Edwards authors column in college newspapers

     On Feb. 22, Gov. Edwards authored a column published in college newspapers across Louisiana focusing on the devastating cuts that higher education will face if the legislature fails to raise additional revenue.

     “Students in Louisiana deserve better than what they’ve gotten from their state government over the last eight years. I’ll be the first to tell you that. The previous administration put the needs of an out-of-state special interest ahead of your own and made you pay the price for a political agenda. That stopped on January 11, Edwards wrote. 

     “Unfortunately, the damage was done. Over the last eight years higher education institutions were severely weakened and Louisiana’s budget now sits atop the largest deficit our state has ever seen. Year after year, these budget deficits were patched using budget tricks and temporary funds. The state wrote checks to corporations it couldn’t afford, which left students with higher tuitions and campuses unable to invest in your education. In fact, Louisiana ranks fourth in the nation for subsidies to big business, double what the state of Texas pays, yet our higher education institutions were cut by more than $700 million – the largest disinvestment in the nation.”

     The letter goes on to address TOPS and ask for students support in ensuring their schools don’t suffer in the budget readjustment.

     “We’ve already seen too many of our young adults leave Louisiana for jobs and education in other states. That cycle must end.

Together, we can rebuild the future of Louisiana.”

Gov. Edwards says audit report demonstrates need to stabilize Louisiana Tax Code

     On Feb. 22, Gov. Edwards commented on a report from the Louisiana Legislative Auditor that projects that in fiscal year (FY) 2015 the state will give away $400 million more in tax exemptions than it received in tax collections during the same year.

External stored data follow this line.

lemma outer_le_Un:
  assumes "outer_le N A a" "outer_le N B b"
  shows "outer_le N (A \<union> B) (a + b)"
proof -
  obtain A' B' where A': "A' \<in> sets N" "A \<subseteq> A'" "emeasure N A' \<le> a"
    and B': "B' \<in> sets N" "B \<subseteq> B'" "emeasure N B' \<le> b"
    using assms unfolding outer_le_def by blast
  have "emeasure N (A' \<union> B') \<le> emeasure N A' + emeasure N B'"
    using A' B' by (intro emeasure_subadditive)
  also have "\<dots> \<le> a + b"
    using A' B' by (intro add_mono)
  finally show ?thesis
    using A' B' by (intro outer_leI[of "A' \<union> B'"]) auto
qed

lemma outer_le_density_support:
  fixes h :: "'a \<Rightarrow> real"
  assumes h: "h \<in> borel_measurable M" and A: "A \<subseteq> space M"
    and "outer_le (density M (\<lambda>x. ennreal (h x))) {x \<in> A. h x \<noteq> 0} e"
  shows "outer_le (density M (\<lambda>x. ennreal (h x))) A e"
proof -
  let ?N = "density M (\<lambda>x. ennreal (h x))"
  define Z where "Z = {x \<in> space M. h x = 0}"
  have Z: "Z \<in> sets M"
    unfolding Z_def using h by measurable
  have "emeasure ?N Z = (\<integral>\<^sup>+x. ennreal (h x) * indicator Z x \<partial>M)"
    using Z h by (simp add: emeasure_density)
  also have "\<dots> = (\<integral>\<^sup>+x. 0 \<partial>M)"
    by (intro nn_integral_cong) (auto simp: Z_def indicator_def)
  finally have "outer_le ?N Z 0"
    using Z by (intro outer_leI) auto
  from outer_le_Un[OF assms(3) this] have "outer_le ?N ({x \<in> A. h x \<noteq> 0} \<union> Z) e"
    by simp
  moreover have "A \<subseteq> {x \<in> A. h x \<noteq> 0} \<union> Z"
    using A by (auto simp: Z_def)
  ultimately show ?thesis
    by (rule outer_le_subset[rotated])
qed

lemma Pr_le_if_outer_le:
  assumes "outer_le (density M (\<lambda>x. ennreal (f \<theta> x))) {x \<in> space M. P x} e"
  shows "Pr M f \<theta> P \<le> e"
  using assms unfolding Pr_def outer_le_def by (auto intro: INF_lower2)

lemma Pr_mono:
  assumes "\<And>x. x \<in> space M \<Longrightarrow> P x \<Longrightarrow> Q x"
  shows "Pr M f \<theta> P \<le> Pr M f \<theta> Q"
  unfolding Pr_def by (rule INF_superset_mono) (use assms in auto)

lemma outer_le_sublevels:
  fixes \<psi> :: "'a \<Rightarrow> real"
  assumes \<psi>: "\<psi> \<in> borel_measurable N" and T: "T \<subseteq> space N"
    and sublevel: "\<And>x. x \<in> T \<Longrightarrow> emeasure N {y \<in> space N. \<psi> y \<le> \<psi> x} \<le> e"
  shows "outer_le N T e"
proof -
  consider "T = {}" | x0 where "x0 \<in> T" "\<forall>x\<in>T. \<psi> x \<le> \<psi> x0"
    | "T \<noteq> {}" "\<not> (\<exists>x0\<in>T. \<forall>x\<in>T. \<psi> x \<le> \<psi> x0)"
    by blast
  then show ?thesis
  proof cases
    case 1
    then show ?thesis
      by (intro outer_leI[of "{}"]) auto
  next
    case (2 x0)
    then show ?thesis
      using T sublevel[of x0] \<psi> by (intro outer_leI[of "{y \<in> space N. \<psi> y \<le> \<psi> x0}"]) auto
  next
    case 3
    \<comment> \<open>No largest sublevel set: an increasing sequence of them exhausts the union.\<close>
    let ?V = "(\<lambda>x. ereal (\<psi> x)) ` T"
    obtain a where a: "incseq a" "range a \<subseteq> ?V" "Sup ?V = (SUP k. a k)"
      using 3(1) Sup_countable_SUP[of ?V] by auto
    define C where "C k = {y \<in> space N. ereal (\<psi> y) \<le> a k}" for k
    have C_sets: "C k \<in> sets N" for k
      unfolding C_def using \<psi> by measurable
    have "incseq C"
      using a(1) unfolding C_def incseq_def by (auto intro: order_trans)
    have "emeasure N (C k) \<le> e" for k
    proof -
      obtain x where "x \<in> T" "a k = ereal (\<psi> x)"
        using a(2) by blast
      then show ?thesis
        using sublevel[of x] by (simp add: C_def)
    qed
    then have "(SUP k. emeasure N (C k)) \<le> e"
      by (rule SUP_least)
    moreover have "range C \<subseteq> sets N"
      using C_sets by auto
    ultimately have "emeasure N (\<Union>k. C k) \<le> e"
      using SUP_emeasure_incseq[OF _ \<open>incseq C\<close>] by simp
    moreover have "T \<subseteq> (\<Union>k. C k)"
    proof
      fix x assume x: "x \<in> T"
      have "ereal (\<psi> x) \<le> Sup ?V"
        using x by (auto intro: Sup_upper)
      moreover have "ereal (\<psi> x) \<noteq> Sup ?V"
      proof
        assume "ereal (\<psi> x) = Sup ?V"
        then have "\<forall>y\<in>T. \<psi> y \<le> \<psi> x"
          by (metis Sup_upper ereal_less_eq(3) image_eqI)
        then show False
          using 3(2) x by blast
      qed
      ultimately have "ereal (\<psi> x) < (SUP k. a k)"
        using a(3) by simp
      then obtain k where "ereal (\<psi> x) < a k"
        by (auto simp: less_SUP_iff)
      then show "x \<in> (\<Union>k. C k)"
        using x T by (auto simp: C_def intro: less_imp_le)
    qed
    ultimately show ?thesis
      using C_sets by (intro outer_leI[of "\<Union>k. C k"]) auto
  qed
qed

lemma emeasure_density_le_if_dominated:
  fixes h1 h2 :: "'a \<Rightarrow> real"
  assumes C: "C \<in> sets M" and h1: "h1 \<in> borel_measurable M" and h2: "h2 \<in> borel_measurable M"
    and c: "c \<ge> 0" and dom: "\<And>y. y \<in> C \<Longrightarrow> h1 y \<le> c * h2 y"
    and h2_nonneg: "\<And>y. y \<in> space M \<Longrightarrow> h2 y \<ge> 0"
    and prob: "prob_space (density M (\<lambda>x. ennreal (h2 x)))"
  shows "emeasure (density M (\<lambda>x. ennreal (h1 x))) C \<le> ennreal c"
proof -
  have "emeasure (density M (\<lambda>x. ennreal (h1 x))) C = (\<integral>\<^sup>+x. ennreal (h1 x) * indicator C x \<partial>M)"
    using C h1 by (simp add: emeasure_density)
  also have "\<dots> \<le> (\<integral>\<^sup>+x. ennreal c * (ennreal (h2 x) * indicator C x) \<partial>M)"
  proof (rule nn_integral_mono)
    fix x assume x: "x \<in> space M"
    show "ennreal (h1 x) * indicator C x \<le> ennreal c * (ennreal (h2 x) * indicator C x)"
      using dom[of x] c h2_nonneg[OF x]
      by (auto simp: indicator_def ennreal_mult[symmetric] intro: ennreal_leI)
  qed
  also have "\<dots> = ennreal c * emeasure (density M (\<lambda>x. ennreal (h2 x))) C"
    using C h2 by (simp add: nn_integral_cmult emeasure_density)
  also have "\<dots> \<le> ennreal c"
    using prob_space.emeasure_le_1[OF prob] mult_left_mono[of _ 1 "ennreal c"] by auto
  finally show ?thesis .
qed

lemma ratio_le_SUP_ratio:
  fixes h :: "real \<Rightarrow> real"
  assumes m: "m \<in> \<Theta>" and max: "\<And>t. t \<in> \<Theta> \<Longrightarrow> h t \<le> h m" and "0 \<le> h m"
    and S: "S \<subseteq> \<Theta>" "\<theta> \<in> S"
  shows "h \<theta> / h m \<le> (SUP t\<in>S. h t) / (SUP t\<in>\<Theta>. h t)"
proof -
  have "(SUP t\<in>\<Theta>. h t) = h m"
    using m max by (intro cSup_eq_maximum) auto
  moreover have "h \<theta> \<le> (SUP t\<in>S. h t)"
    using S max by (intro cSUP_upper2[of h S \<theta>] bdd_aboveI2[of _ _ "h m"]) auto
  ultimately show ?thesis
    using \<open>0 \<le> h m\<close> by (simp add: divide_right_mono)
qed

locale mlr_family =
  fixes M :: "'a measure" and f :: "real \<Rightarrow> 'a \<Rightarrow> real" and \<Theta> :: "real set"
    and \<phi> :: "'a \<Rightarrow> real" and \<Lambda> :: "real \<Rightarrow> real \<Rightarrow> real \<Rightarrow> real"
  assumes f_meas: "\<And>\<theta>. \<theta> \<in> \<Theta> \<Longrightarrow> f \<theta> \<in> borel_measurable M"
    and f_nonneg: "\<And>\<theta> x. \<theta> \<in> \<Theta> \<Longrightarrow> x \<in> space M \<Longrightarrow> f \<theta> x \<ge> 0"
    and f_prob: "\<And>\<theta>. \<theta> \<in> \<Theta> \<Longrightarrow> prob_space (density M (\<lambda>x. ennreal (f \<theta> x)))"
    and phi_meas: "\<phi> \<in> borel_measurable M"
    and LR: "\<And>\<theta>0 \<theta>1 x. \<theta>0 \<in> \<Theta> \<Longrightarrow> \<theta>1 \<in> \<Theta> \<Longrightarrow> x \<in> space M \<Longrightarrow>
               f \<theta>1 x = \<Lambda> (\<phi> x) \<theta>0 \<theta>1 * f \<theta>0 x"
    and LR_mono: "\<And>\<theta>0 \<theta>1. \<theta>0 \<in> \<Theta> \<Longrightarrow> \<theta>1 \<in> \<Theta> \<Longrightarrow> \<theta>0 < \<theta>1 \<Longrightarrow>
               mono_on (\<phi> ` space M) (\<lambda>t. \<Lambda> t \<theta>0 \<theta>1)"
begin

lemma likelihood_pos:
  assumes "\<theta> \<in> \<Theta>" "t \<in> \<Theta>" "x \<in> space M" "f \<theta> x \<noteq> 0"
  shows "f t x > 0"
  using LR[OF assms(2,1,3)] f_nonneg[OF assms(2,3)] assms(4) by (auto simp: order_le_less)

text \<open>The monotone likelihood ratio in cross-multiplied form, which needs no positivity.\<close>

lemma likelihood_cross_le:
  assumes a: "a \<in> \<Theta>" and b: "b \<in> \<Theta>" and "a \<le> b"
    and x: "x \<in> space M" and y: "y \<in> space M" and "\<phi> y \<le> \<phi> x"
  shows "f b y * f a x \<le> f b x * f a y"
proof (cases "a = b")
  case True
  then show ?thesis
    by (simp add: mult.commute)
next
  case False
  with \<open>a \<le> b\<close> have "\<Lambda> (\<phi> y) a b \<le> \<Lambda> (\<phi> x) a b"
    using mono_onD[OF LR_mono[OF a b]] x y \<open>\<phi> y \<le> \<phi> x\<close> by auto
  then have "\<Lambda> (\<phi> y) a b * (f a y * f a x) \<le> \<Lambda> (\<phi> x) a b * (f a y * f a x)"
    using f_nonneg[OF a x] f_nonneg[OF a y] by (intro mult_right_mono) auto
  then show ?thesis
    using LR[OF a b x] LR[OF a b y] by (simp add: ac_simps)
qed

lemma emeasure_density_le_by_cross:
  assumes \<theta>: "\<theta> \<in> \<Theta>" and t: "t \<in> \<Theta>" and D: "D \<in> sets M"
    and x: "x \<in> space M" "f \<theta> x \<noteq> 0" and ratio: "f \<theta> x / f t x \<le> c"
    and cross: "\<And>y. y \<in> D \<Longrightarrow> f \<theta> y * f t x \<le> f \<theta> x * f t y"
  shows "emeasure (density M (\<lambda>x. ennreal (f \<theta> x))) D \<le> ennreal c"
proof -
  have ftx: "f t x > 0"
    using likelihood_pos[OF \<theta> t x] .
  have "c \<ge> 0"
    using ratio f_nonneg[OF \<theta> x(1)] ftx by (meson divide_nonneg_pos order_trans)
  moreover have "f \<theta> y \<le> c * f t y" if "y \<in> D" for y
  proof -
    have "f \<theta> y * f t x \<le> f \<theta> x * f t y"
      using cross[OF that] .
    also have "\<dots> \<le> c * f t x * f t y"
      using ratio ftx f_nonneg[OF t] D that
      by (intro mult_right_mono) (auto simp: divide_le_eq dest: sets.sets_into_space)
    finally show ?thesis
      using ftx by (simp add: mult.commute mult.left_commute)
  qed
  ultimately show ?thesis
    using f_nonneg[OF t] f_prob[OF t]
    by (intro emeasure_density_le_if_dominated[OF D f_meas[OF \<theta>] f_meas[OF t]]) auto
qed

context
  fixes est :: "'a \<Rightarrow> real"
  assumes est: "\<And>x. x \<in> space M \<Longrightarrow> est x \<in> \<Theta>"
begin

     The report finds that Louisiana’s Department of Revenue is projecting the state will take in a total of $7.5 billion in tax revenue in FY 2015, but will give away approximately $7.9 billion in tax exemptions during the same time-frame.

     “This is simply not sound fiscal policy. At a time when our state is faced with hospital closures and deep cuts to higher education, this $400 million would help us close the $940 million deficit this year,” Gov. Edwards said. “We can no longer afford to give overly generous tax breaks to business. It is time to stabilize our budget and broaden the base of our tax code, so that our people who work and educate their children here and the corporations that do business here are all treated fairly.”

     The audit report further noted that, while most state tax revenue is generated by 40 different taxes, Louisiana now grants 464 different tax exemptions, a count that has steadily increased since 2010. The report also found that, of those 464 tax exemptions, only 52 have sunset provisions. According to the report, the vast majority of tax exemptions continue indefinitely without any evaluation of their impact or benefit to the state.

     Legislative Auditor Daryl Purpera recommended the following:

• That all new or modified tax exemptions contain clear performance statements that include their public purpose and their expected outcomes.

• That the legislature should develop a schedule for how often reviews should be conducted or attach sunset dates to all exemptions that dictate when they should be reviewed.

• That the legislature should designate who specifically will conduct reviews of tax exemptions and what criteria will be used for reviews.